1. Caddy version (caddy version):

v2.5.1 h1:bAWwslD1jNeCzDa+jDCNwb8M3UJ2tPa8UZFFzPVmGKs=

2. How I run Caddy:

a. System environment:

Ubuntu 22.04

b. Command:

caddy run 2> error.txt 1> access.txt

c. Service/unit/compose file:

[Unit]
Description=Caddy
Documentation=https://caddyserver.com/docs/
After=network.target network-online.target
Requires=network-online.target

[Service]
Type=notify
User=caddy
Group=caddy
ExecStart=/usr/bin/caddy run --environ --config /etc/caddy/Caddyfile
ExecReload=/usr/bin/caddy reload --config /etc/caddy/Caddyfile
TimeoutStopSec=5s
LimitNOFILE=1048576
LimitNPROC=512
PrivateTmp=true
ProtectSystem=full
AmbientCapabilities=CAP_NET_BIND_SERVICE

[Install]
WantedBy=multi-user.target

d. My complete Caddyfile or JSON config:

{
	email <redacted>
	acme_ca https://acme-staging-v02.api.letsencrypt.org/directory
	on_demand_tls {
		ask http://localhost:5555/check
	}
}

https:// {
	tls {
		on_demand
	}
	root * /var/www/html
	file_server
	log {
		output stdout
	}
}

3. The problem I’m having:

First of all, I would like to mention that I really like working with caddy. The simplicity of the config, as well as the active community, makes it a blast to work with. I am currently evaluating whether caddy is a viable solution to manage TLS for hundreds of thousands of domains. For that, I would like to extend my knowledge of caddy. Many questions have already been answered in previous posts, but for some of the following topics I could not find anything.

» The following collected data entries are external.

lemma emeasure_lborel_cone:
  fixes A :: "'a::euclidean_space set"
  assumes [measurable]: "A \<in> sets borel" "I \<in> sets borel"
  shows "emeasure lborel {z::'a. norm z \<in> I \<and> sgn z \<in> A}
    = emeasure (radial_measure DIM('a)) I * emeasure sphere_measure A"
proof -
  \<comment> \<open>both sides are measures in I, which agree on the half-lines {..b}\<close>
  define M :: "real measure" where "M = distr (density lborel (indicator (sgn -` A :: 'a set))) borel norm"
  define N :: "real measure" where "N = density (radial_measure DIM('a)) (\<lambda>_. emeasure sphere_measure A)"
  have [measurable]: "(sgn -` A :: 'a set) \<in> sets borel"
    using measurable_sets[OF borel_measurable_sgn assms(1)] by simp
  have M: "emeasure M J = emeasure lborel {z::'a. norm z \<in> J \<and> sgn z \<in> A}"
    if [measurable]: "J \<in> sets borel" for J
  proof -
    have "emeasure M J = emeasure (density lborel (indicator (sgn -` A :: 'a set))) (norm -` J)"
      unfolding M_def by (subst emeasure_distr) auto
    also have "\<dots> = emeasure lborel ((sgn -` A) \<inter> norm -` J)"
      by (rule emeasure_restricted) (use measurable_sets[OF borel_measurable_norm that] in auto)
    also have "(sgn -` A) \<inter> norm -` J = {z::'a. norm z \<in> J \<and> sgn z \<in> A}" by auto
    finally show ?thesis .
  qed
  have N: "emeasure N J = emeasure (radial_measure DIM('a)) J * emeasure sphere_measure A"
    if [measurable]: "J \<in> sets borel" for J
  proof -
    have "emeasure N J = (\<integral>\<^sup>+ x. emeasure sphere_measure A * indicator J x \<partial>radial_measure DIM('a))"
      unfolding N_def by (subst emeasure_density) (auto simp: mult.commute)
    also have "\<dots> = emeasure sphere_measure A * emeasure (radial_measure DIM('a)) J"
      by (rule nn_integral_cmult_indicator) simp
    finally show ?thesis by (simp add: mult.commute)
  qed
  have fin: "emeasure sphere_measure A < \<infinity>"
    using finite_measure.emeasure_finite[OF finite_measure_sphere_measure, of A] by (simp add: less_top)
  have "M = N"
  proof (rule measure_eqI_atMost)
    show "sets M = sets borel" "sets N = sets borel" by (simp_all add: M_def N_def)
    fix x :: real
    have M_atMost: "emeasure M {..x} = emeasure (radial_measure DIM('a)) {..x} * emeasure sphere_measure A"
      using emeasure_lborel_cone_atMost[OF assms(1), of x] by (simp add: M)
    then show "emeasure M {..x} < \<infinity>"
      using fin by (simp add: emeasure_radial_measure_atMost ennreal_mult_less_top)
    show "emeasure M {..x} = emeasure N {..x}" using M_atMost by (simp add: N)
  qed
  then show ?thesis using M[OF assms(2)] N[OF assms(2)] by simp
qed
(* Let $G$ be an $H(4,3)$-free graph with $m$ edges, $\rho=\rho(G)$, and $u^*\in V(G)$. Put $N=N(u^* )$, $W=V(G)\setminus N[u^*]$, $A^{+}=\{v\in N: v\text{ has a neighbor in }N\}$. Assume: $G[A^{+}]\cong K_4$; $e(W)=2$; every vertex of $W$ has at most one neighbor in $A^{+}$ and at least one neighbor in $W$; and \[ \rho^2-\rho\Bigl(e(A^{+})-|A^{+}|+\tfrac32-e(W)\Bigr)<2e(A^{+})+|A^{+}|+e(A^{+},W). \] Then $\rho^2-\frac32\rho<18$. Consequently, if $m\ge 24$ is even, then $\rho(G)<\rho'(m)$.
   Context: $H(4,3)$ is the graph obtained from a $4$-cycle and a triangle by identifying one vertex of the $4$-cycle with one vertex of the triangle; $H(4,3)$-free means containing no subgraph isomorphic to $H(4,3)$. $N[u^*]=N(u^* )\cup\{u^*\}$. For a vertex set $X$, $e(X)$ is the number of edges of the induced subgraph $G[X]$; for disjoint $X,Y$, $e(X,Y)$ is the number of edges between $X$ and $Y$. $\rho(G)$ is the adjacency spectral radius. For even $m$, $\rho'(m)$ is the largest real root of $p_m(x)=x^4-mx^2-(m-2)x+\frac{m}{2}-1$; it is known that $\rho'(m)>L_m:=\frac{1+\sqrt{4m-5}}{2}$ for even $m\ge 6$. *)

theory Defs
  imports Complex_Main "Jordan_Normal_Form.Spectral_Radius"
begin

definition simple_graph :: "nat \<Rightarrow> (nat \<Rightarrow> nat \<Rightarrow> bool) \<Rightarrow> bool" where
  "simple_graph n adj \<longleftrightarrow>
     (\<forall>u v. adj u v \<longrightarrow> u < n \<and> v < n) \<and>
     (\<forall>u v. adj u v \<longrightarrow> adj v u) \<and> (\<forall>u. \<not> adj u u)"

definition adj_matrix :: "nat \<Rightarrow> (nat \<Rightarrow> nat \<Rightarrow> bool) \<Rightarrow> complex mat" where
  "adj_matrix n adj = mat n n (\<lambda>(i, j). if adj i j then 1 else 0)"

definition rho :: "nat \<Rightarrow> (nat \<Rightarrow> nat \<Rightarrow> bool) \<Rightarrow> real" where
  "rho n adj = spectral_radius (adj_matrix n adj)"

definition nbhd :: "nat \<Rightarrow> (nat \<Rightarrow> nat \<Rightarrow> bool) \<Rightarrow> nat \<Rightarrow> nat set" where
  "nbhd n adj u = {v. v < n \<and> adj u v}"

definition edges :: "nat \<Rightarrow> (nat \<Rightarrow> nat \<Rightarrow> bool) \<Rightarrow> nat set set" where
  "edges n adj = {{u, v} | u v. u < n \<and> v < n \<and> adj u v}"

definition num_edges :: "nat \<Rightarrow> (nat \<Rightarrow> nat \<Rightarrow> bool) \<Rightarrow> nat" where
  "num_edges n adj = card (edges n adj)"

definition e_in :: "(nat \<Rightarrow> nat \<Rightarrow> bool) \<Rightarrow> nat set \<Rightarrow> nat" where
  "e_in adj X = card {{u, v} | u v. u \<in> X \<and> v \<in> X \<and> adj u v}"

text \<open>e(X,Y): number of edges between (disjoint) X and Y.\<close>
definition e_between :: "(nat \<Rightarrow> nat \<Rightarrow> bool) \<Rightarrow> nat set \<Rightarrow> nat set \<Rightarrow> nat" where
  "e_between adj X Y = card {(x, y). x \<in> X \<and> y \<in> Y \<and> adj x y}"
lemma waiter_forces_greedy_path:
  assumes "red_path_position n R B ps y W" "card W = m + 6"
  shows "waiter_forces n (\<lambda>R. ham_path_between n R (hd ps) y) (m + 8) R B"
  using assms
proof (induction m arbitrary: R B ps W)
  case 0
  then show ?case
    by (simp add: waiter_forces_finish_in_K8)
next
  case (Suc m)
  let ?v = "last ps" and ?Q = "\<lambda>R. ham_path_between n R (hd ps) y"
  have "2 \<le> card W"
    using Suc.prems(2) by simp
  then obtain a b where ab: "a \<in> W" "b \<in> W" "a \<noteq> b"
    by (auto simp: card_le_Suc_iff numeral_2_eq_2)
  have extend: "waiter_forces n ?Q (m + 8) (insert {?v, c} R) (insert {?v, d} B)"
    if "c \<in> W" "d \<in> W" "c \<noteq> d" for c d
  proof -
    have "card (W - {c}) = m + 6"
      using Suc.prems(2) that(1) by (simp add: card_ge_0_finite)
    then show ?thesis
      using Suc.IH[OF red_path_position_extend[OF Suc.prems(1) that(1)]] Suc.prems(1)
      unfolding red_path_position_def by simp
  qed
  have "?v \<in> set ps" "set ps \<inter> insert y W = {}" "set ps \<union> insert y W = {0..<n}"
    and uncoloured: "uncoloured_on R B (insert ?v (insert y W))"
    using Suc.prems(1) unfolding red_path_position_def by auto
  then have "?v \<noteq> a" "?v \<noteq> b" "insert ?v (insert y W) \<subseteq> {0..<n}"
    using ab by auto
  then have "{?v, a} \<in> free_edges n R B" "{?v, b} \<in> free_edges n R B"
    using ab free_edges_if_uncoloured_on[OF uncoloured] by auto
  moreover have "{?v, a} \<noteq> {?v, b}"
    using ab by (auto simp: doubleton_eq_iff)
  ultimately show ?case
    unfolding add_Suc waiter_forces.simps(2)
    by (intro disjI2 exI[of _ "{?v, a}"] exI[of _ "{?v, b}"] conjI extend) (use ab in auto)
qed

theorem lemma3p2:
  fixes n x y :: nat
  assumes "n \<ge> 8" and "x < n" and "y < n" and "x \<noteq> y"
  shows "waiter_forces n (\<lambda>R. ham_path_between n R x y) n {} {}"
proof -
  define W where "W = {0..<n} - {x, y}"
  have "red_path_position n {} {} [x] y W"
    using assms unfolding red_path_position_def uncoloured_on_def W_def by auto
  moreover have "card W = (n - 8) + 6"
    using assms unfolding W_def by (simp add: card_Diff_subset)
  ultimately have "waiter_forces n (\<lambda>R. ham_path_between n R x y) ((n - 8) + 8) {} {}"
    using waiter_forces_greedy_path by fastforce
  then show ?thesis
    using assms(1) by simp
qed

end
text \<open>
  (1) Each PCA identity is checked after pairing with an arbitrary \<open>w\<close> and invoking
  nondegeneracy: the defining identity of \<open>\<circ>\<close> turns it into the bracket, invariance and the
  Leibniz rule move products across \<open>\<B>\<close>, and Jacobi together with the cocycle condition
  closes the computation.  The second anti-pre-Lie identity is the subtle one: the cocycle
  condition, applied in two different ways, shows that the relevant cyclic sum \<open>G\<close> satisfies
  both \<open>G = -S\<close> and \<open>S = G\<close>, so \<open>2G = 0\<close>.

  (2) A PCA algebra carries the Poisson algebra \<open>(A, \<cdot>, [-,-])\<close>, and the PCA axioms say
  precisely that \<open>(-\<L>\<^sup>*\<^sub>\<cdot>, -\<L>\<^sup>*\<^sub>\<circ>)\<close> is a representation of it, so the semidirect
  product is Poisson.  Under the pairing, invariance of \<open>\<B>\<^sub>d\<close> reduces to commutativity of
  \<open>\<cdot>\<close>, and its cocycle property to \<open>[x,y] = x \<circ> y - y \<circ> x\<close>.
\<close>

lemma biadditive_rules:
  fixes f :: "'a::ab_group_add \<Rightarrow> 'b::ab_group_add \<Rightarrow> 'c::ab_group_add"
  assumes add_left: "\<And>x y z. f (x + y) z = f x z + f y z"
    and add_right: "\<And>x y z. f x (y + z) = f x y + f x z"
  shows "f 0 z = 0" "f x 0 = 0" "f (- x) z = - f x z" "f x (- z) = - f x z"
    "f (x - x') z = f x z - f x' z" "f x (z - z') = f x z - f x z'"
proof -
  show zero_left: "f 0 z = 0" for z using add_left[of 0 0 z] by simp
  show zero_right: "f x 0 = 0" for x using add_right[of x 0 0] by simp
  show minus_left: "f (- x) z = - f x z" for x z
    using add_left[of "- x" x z] zero_left by (simp add: eq_neg_iff_add_eq_0)
  show minus_right: "f x (- z) = - f x z" for x z
    using add_right[of x "- z" z] zero_right by (simp add: eq_neg_iff_add_eq_0)
  show "f (x - x') z = f x z - f x' z" "f x (z - z') = f x z - f x z'"
    by (simp_all only: diff_conv_add_uminus add_left add_right minus_left minus_right)
qed
lemma ex_join_irreducible_le_not_le:
  assumes u: "u \<in> carrier L" and v: "v \<in> carrier L" and "\<not> u \<sqsubseteq> v"
  shows "\<exists>j. join_irreducible L j \<and> j \<sqsubseteq> u \<and> \<not> j \<sqsubseteq> v"
proof -
  define S where "S = {w \<in> carrier L. w \<sqsubseteq> u \<and> \<not> w \<sqsubseteq> v}"
  have "finite S" "S \<subseteq> carrier L" "u \<in> S" using assms finite_carrier by (auto simp: S_def)
  then obtain w where "w \<in> S" and min: "\<forall>s\<in>S. s \<sqsubseteq> w \<longrightarrow> s = w"
    using finite_ex_minimal by blast
  then have w: "w \<in> carrier L" "w \<sqsubseteq> u" "\<not> w \<sqsubseteq> v" by (auto simp: S_def)
  have below_v: "c \<sqsubseteq> v" if "upper_covers L w c" for c
  proof (rule ccontr)
    assume "\<not> c \<sqsubseteq> v"
    have "c \<in> carrier L" "c \<sqsubseteq> w" "c \<noteq> w"
      using that by (auto simp: upper_covers_def lless_eq)
    then have "c \<in> S" using \<open>\<not> c \<sqsubseteq> v\<close> w u le_trans[of c w u] by (simp add: S_def)
    then show False using min \<open>c \<sqsubseteq> w\<close> \<open>c \<noteq> w\<close> by blast
  qed
  have "w \<sqinter> v \<noteq> w" using w v meet_right[of w v] by metis
  then have "w \<sqinter> v \<sqsubset> w" using w v meet_left by (simp add: lless_eq)
  then obtain c where c: "upper_covers L w c"
    using ex_lower_cover_above[OF meet_closed[OF w(1) v] w(1)] by blast
  have unique: "c' = c" if "upper_covers L w c'" for c'
  proof (rule ccontr)
    assume "c' \<noteq> c"
    then have "c \<squnion> c' = w" using upper_covers_join_eq[OF c that] by simp
    moreover have "c \<squnion> c' \<sqsubseteq> v"
      using below_v[OF c] below_v[OF that] c that v join_le[of c v c'] by (simp add: upper_covers_def)
    ultimately show False using w by simp
  qed
  have "c \<in> carrier L" using c by (simp add: upper_covers_def)
  then have "lower_covers_set L w = {c}" using c unique unfolding lower_covers_set_def by blast
  then show ?thesis using w unfolding join_irreducible_def by (intro exI[of _ w]) simp
qed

Consider the following use case: I would like to manage TLS for 500’000+ domains via caddy. I also have an account with letsencrypt that supports increased rate limits. Ideally, the certificates for the domains should be issued, as well as managed, on-demand. My goal is to make the service as robust and performant as possible within my raised rate limits with letsencrypt

  • Are there any best practices that you recommend when managing that many domains? (Features such as the ask endpoint which should be used to make the service more performant and robust).
  • I know that caddy has an internal rate limit which is set to 10 certificates in 1 minute. In previous posts, you have explained that you include this throttle to avoid flooding the CA with certificate requests. Since I have an account with increased rate limits, is there any way I can change this internal limit to better fit my use case (apart from modifying the source code)? Apart from the rate limits of letsencrypt and the internal ones, is there anything else throttling the performance of caddy that can be improved via the config?
  • How exactly does caddy handle a large amount of concurrent requests for certificates? From the logs, I can see that locks are requested whenever caddy must request a new certificate. Here, it would be interesting to know, for example, how many threads are available to take incoming requests and how the overall performance is when handling that many requests simultaneously. (I am currently also testing the performance myself to see how it might scale to a large number of requests. However, it would be cool if someone smarter than me could explain how exactly the inner workings handle these amounts of requests)
  • With on-demand TLS active, all certificates are issued and maintained whenever there is the need to. Am I correct in the assumption that with on-demand TLS, the renewal process is never triggered by anything else than an incoming handshake? This is important to know, because I would like to avoid that something triggers the renewal of 100’000 domains simultaneously in the background.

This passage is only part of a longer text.